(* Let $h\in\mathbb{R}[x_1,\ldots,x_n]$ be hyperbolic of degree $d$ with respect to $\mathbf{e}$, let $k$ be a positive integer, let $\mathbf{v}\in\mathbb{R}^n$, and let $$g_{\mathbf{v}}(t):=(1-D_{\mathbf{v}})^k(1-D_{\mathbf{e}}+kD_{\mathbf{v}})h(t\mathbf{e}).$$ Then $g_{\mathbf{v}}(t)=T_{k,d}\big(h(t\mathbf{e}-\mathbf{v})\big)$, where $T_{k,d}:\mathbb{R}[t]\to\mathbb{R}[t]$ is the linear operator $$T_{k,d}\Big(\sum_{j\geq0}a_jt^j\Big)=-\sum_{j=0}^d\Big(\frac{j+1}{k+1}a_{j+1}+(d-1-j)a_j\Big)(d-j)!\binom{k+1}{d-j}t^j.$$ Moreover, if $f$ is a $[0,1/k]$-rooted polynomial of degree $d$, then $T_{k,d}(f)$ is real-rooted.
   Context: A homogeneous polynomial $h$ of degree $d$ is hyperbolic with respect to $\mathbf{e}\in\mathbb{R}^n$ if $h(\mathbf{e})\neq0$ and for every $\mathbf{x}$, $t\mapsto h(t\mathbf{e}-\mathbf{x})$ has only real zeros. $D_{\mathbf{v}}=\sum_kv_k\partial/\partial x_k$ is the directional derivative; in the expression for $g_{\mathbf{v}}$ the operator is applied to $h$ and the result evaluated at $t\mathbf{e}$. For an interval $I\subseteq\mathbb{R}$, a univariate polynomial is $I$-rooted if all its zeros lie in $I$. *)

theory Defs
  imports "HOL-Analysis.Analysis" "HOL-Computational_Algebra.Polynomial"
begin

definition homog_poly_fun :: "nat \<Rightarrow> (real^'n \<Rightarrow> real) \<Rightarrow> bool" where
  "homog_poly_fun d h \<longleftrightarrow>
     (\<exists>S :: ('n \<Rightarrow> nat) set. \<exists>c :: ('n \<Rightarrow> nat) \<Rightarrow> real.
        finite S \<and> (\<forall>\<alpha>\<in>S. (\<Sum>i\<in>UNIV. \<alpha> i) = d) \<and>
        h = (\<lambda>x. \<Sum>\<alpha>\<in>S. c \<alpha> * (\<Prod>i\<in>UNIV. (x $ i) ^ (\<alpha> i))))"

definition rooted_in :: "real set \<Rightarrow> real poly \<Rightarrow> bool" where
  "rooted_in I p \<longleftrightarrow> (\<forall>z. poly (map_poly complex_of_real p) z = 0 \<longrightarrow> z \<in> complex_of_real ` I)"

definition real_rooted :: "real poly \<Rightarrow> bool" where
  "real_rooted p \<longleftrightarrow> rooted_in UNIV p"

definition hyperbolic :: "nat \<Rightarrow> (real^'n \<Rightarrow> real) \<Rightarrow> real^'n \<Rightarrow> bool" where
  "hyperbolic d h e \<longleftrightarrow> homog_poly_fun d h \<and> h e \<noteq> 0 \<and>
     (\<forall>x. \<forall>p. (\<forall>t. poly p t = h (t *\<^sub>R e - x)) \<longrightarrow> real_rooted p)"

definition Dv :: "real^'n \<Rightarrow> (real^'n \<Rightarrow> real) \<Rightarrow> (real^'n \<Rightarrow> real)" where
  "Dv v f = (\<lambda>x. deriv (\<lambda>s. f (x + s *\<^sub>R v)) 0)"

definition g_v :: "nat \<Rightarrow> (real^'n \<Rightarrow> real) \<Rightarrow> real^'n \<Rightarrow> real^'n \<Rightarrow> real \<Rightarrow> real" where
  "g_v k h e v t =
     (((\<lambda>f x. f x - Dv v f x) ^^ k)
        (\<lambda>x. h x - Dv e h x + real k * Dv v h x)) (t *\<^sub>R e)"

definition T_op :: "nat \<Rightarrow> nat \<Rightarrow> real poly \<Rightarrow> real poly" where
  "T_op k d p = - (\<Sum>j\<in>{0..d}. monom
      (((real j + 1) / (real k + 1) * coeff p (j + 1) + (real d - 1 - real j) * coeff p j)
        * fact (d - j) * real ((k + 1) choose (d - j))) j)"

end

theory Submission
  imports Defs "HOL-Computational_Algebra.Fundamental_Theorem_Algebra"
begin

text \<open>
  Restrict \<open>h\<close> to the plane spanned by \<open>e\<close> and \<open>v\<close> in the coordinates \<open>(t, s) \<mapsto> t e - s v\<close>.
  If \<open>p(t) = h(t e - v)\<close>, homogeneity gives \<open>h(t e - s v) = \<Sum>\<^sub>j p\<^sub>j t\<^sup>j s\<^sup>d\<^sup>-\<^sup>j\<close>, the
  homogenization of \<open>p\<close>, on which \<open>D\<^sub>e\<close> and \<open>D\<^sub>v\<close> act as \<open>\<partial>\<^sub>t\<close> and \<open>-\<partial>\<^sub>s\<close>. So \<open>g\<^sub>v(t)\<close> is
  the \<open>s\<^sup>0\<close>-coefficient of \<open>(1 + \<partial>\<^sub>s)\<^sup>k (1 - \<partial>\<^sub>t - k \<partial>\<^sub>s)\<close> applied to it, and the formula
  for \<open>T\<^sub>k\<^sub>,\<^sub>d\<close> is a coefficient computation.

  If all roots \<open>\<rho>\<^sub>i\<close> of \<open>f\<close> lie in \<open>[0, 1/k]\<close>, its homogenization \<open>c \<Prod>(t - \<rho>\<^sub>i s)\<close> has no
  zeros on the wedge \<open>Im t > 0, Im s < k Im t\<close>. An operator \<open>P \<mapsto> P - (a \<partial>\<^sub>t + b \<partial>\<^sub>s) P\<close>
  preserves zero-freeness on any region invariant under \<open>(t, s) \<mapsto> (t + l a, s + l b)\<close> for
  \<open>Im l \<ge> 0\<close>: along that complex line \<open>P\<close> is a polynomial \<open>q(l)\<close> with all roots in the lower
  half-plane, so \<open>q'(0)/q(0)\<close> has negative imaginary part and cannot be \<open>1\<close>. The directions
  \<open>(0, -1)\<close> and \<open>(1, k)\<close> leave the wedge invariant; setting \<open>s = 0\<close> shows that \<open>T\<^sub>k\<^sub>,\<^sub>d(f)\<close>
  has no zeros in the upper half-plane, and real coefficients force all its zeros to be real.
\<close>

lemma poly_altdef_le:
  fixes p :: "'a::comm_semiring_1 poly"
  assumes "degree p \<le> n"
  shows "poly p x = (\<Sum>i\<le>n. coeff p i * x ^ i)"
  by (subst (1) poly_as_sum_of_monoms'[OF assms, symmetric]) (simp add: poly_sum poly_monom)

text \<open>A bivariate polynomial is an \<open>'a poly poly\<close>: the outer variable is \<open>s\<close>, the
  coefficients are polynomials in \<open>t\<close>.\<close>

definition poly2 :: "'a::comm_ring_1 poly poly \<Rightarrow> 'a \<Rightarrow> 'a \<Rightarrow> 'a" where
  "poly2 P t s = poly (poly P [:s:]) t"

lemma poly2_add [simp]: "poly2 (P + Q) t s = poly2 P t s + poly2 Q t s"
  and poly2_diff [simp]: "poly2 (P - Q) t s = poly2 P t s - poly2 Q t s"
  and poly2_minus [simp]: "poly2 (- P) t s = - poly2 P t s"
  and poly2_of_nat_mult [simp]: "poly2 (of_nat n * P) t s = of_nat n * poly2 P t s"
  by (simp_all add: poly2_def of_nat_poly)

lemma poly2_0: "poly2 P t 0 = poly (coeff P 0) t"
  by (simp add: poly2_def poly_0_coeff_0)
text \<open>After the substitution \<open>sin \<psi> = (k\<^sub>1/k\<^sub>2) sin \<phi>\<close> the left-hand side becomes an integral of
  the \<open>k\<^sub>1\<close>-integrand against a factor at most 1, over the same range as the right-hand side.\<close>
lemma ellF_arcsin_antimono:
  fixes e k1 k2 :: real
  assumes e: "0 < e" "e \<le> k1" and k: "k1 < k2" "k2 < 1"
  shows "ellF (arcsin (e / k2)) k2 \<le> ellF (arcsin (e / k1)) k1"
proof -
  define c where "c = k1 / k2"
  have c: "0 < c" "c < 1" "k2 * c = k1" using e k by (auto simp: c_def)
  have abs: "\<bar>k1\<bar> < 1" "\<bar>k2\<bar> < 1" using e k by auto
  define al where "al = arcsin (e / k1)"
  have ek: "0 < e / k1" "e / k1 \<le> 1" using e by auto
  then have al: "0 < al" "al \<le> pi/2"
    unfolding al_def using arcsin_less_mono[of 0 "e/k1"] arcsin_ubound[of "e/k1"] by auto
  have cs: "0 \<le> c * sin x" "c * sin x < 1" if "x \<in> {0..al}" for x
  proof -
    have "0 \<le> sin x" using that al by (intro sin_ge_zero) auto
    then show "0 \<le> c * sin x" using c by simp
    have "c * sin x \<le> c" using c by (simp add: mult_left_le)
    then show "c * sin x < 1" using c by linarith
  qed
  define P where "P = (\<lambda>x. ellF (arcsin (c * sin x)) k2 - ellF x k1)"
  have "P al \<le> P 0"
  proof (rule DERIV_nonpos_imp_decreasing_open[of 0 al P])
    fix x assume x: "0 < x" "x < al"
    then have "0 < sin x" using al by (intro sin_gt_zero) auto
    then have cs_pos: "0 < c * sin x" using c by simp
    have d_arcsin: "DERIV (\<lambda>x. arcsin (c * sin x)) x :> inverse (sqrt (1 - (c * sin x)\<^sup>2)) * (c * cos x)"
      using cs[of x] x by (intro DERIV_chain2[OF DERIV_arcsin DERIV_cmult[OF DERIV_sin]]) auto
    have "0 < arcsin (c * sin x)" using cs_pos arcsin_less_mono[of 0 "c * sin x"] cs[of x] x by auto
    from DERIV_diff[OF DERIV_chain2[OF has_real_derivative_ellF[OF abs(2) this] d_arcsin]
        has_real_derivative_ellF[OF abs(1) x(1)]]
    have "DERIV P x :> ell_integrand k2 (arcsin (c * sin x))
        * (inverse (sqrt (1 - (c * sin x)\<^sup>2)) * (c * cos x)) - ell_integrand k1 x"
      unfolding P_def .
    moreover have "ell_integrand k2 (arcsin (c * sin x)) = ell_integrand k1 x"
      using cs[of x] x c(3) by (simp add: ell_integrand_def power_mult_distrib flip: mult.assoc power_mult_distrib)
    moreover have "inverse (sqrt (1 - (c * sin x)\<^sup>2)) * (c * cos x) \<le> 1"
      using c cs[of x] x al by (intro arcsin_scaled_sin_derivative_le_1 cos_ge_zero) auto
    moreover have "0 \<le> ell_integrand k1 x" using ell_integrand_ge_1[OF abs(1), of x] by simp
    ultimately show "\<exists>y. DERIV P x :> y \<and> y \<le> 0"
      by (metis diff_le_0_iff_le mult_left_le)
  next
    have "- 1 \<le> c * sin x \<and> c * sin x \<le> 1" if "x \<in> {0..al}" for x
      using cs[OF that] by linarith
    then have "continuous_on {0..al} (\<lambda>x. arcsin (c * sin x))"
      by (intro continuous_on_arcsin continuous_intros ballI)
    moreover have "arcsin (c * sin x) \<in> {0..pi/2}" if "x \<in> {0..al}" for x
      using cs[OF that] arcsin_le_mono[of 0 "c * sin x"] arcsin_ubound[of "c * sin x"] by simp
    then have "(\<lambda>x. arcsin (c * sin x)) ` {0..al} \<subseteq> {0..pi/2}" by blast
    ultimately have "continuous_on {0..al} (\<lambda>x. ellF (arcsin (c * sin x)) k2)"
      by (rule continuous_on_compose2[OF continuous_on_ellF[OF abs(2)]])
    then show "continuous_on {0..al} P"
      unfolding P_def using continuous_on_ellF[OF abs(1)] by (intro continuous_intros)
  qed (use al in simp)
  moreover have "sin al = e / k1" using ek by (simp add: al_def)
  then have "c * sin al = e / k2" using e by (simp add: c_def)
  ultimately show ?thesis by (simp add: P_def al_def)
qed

#### Problem statement:
Wherever the word "invariant" appears in the data, return the whole line.

#### Exercise solution:
  preserves zero-freeness on any region invariant under \<open>(t, s) \<mapsto> (t + l a, s + l b)\<close> for
  \<open>(0, -1)\<close> and \<open>(1, k)\<close> leave the wedge invariant; setting \<open>s = 0\<close> shows that \<open>T\<^sub>k\<^sub>,\<^sub>d(f)\<close>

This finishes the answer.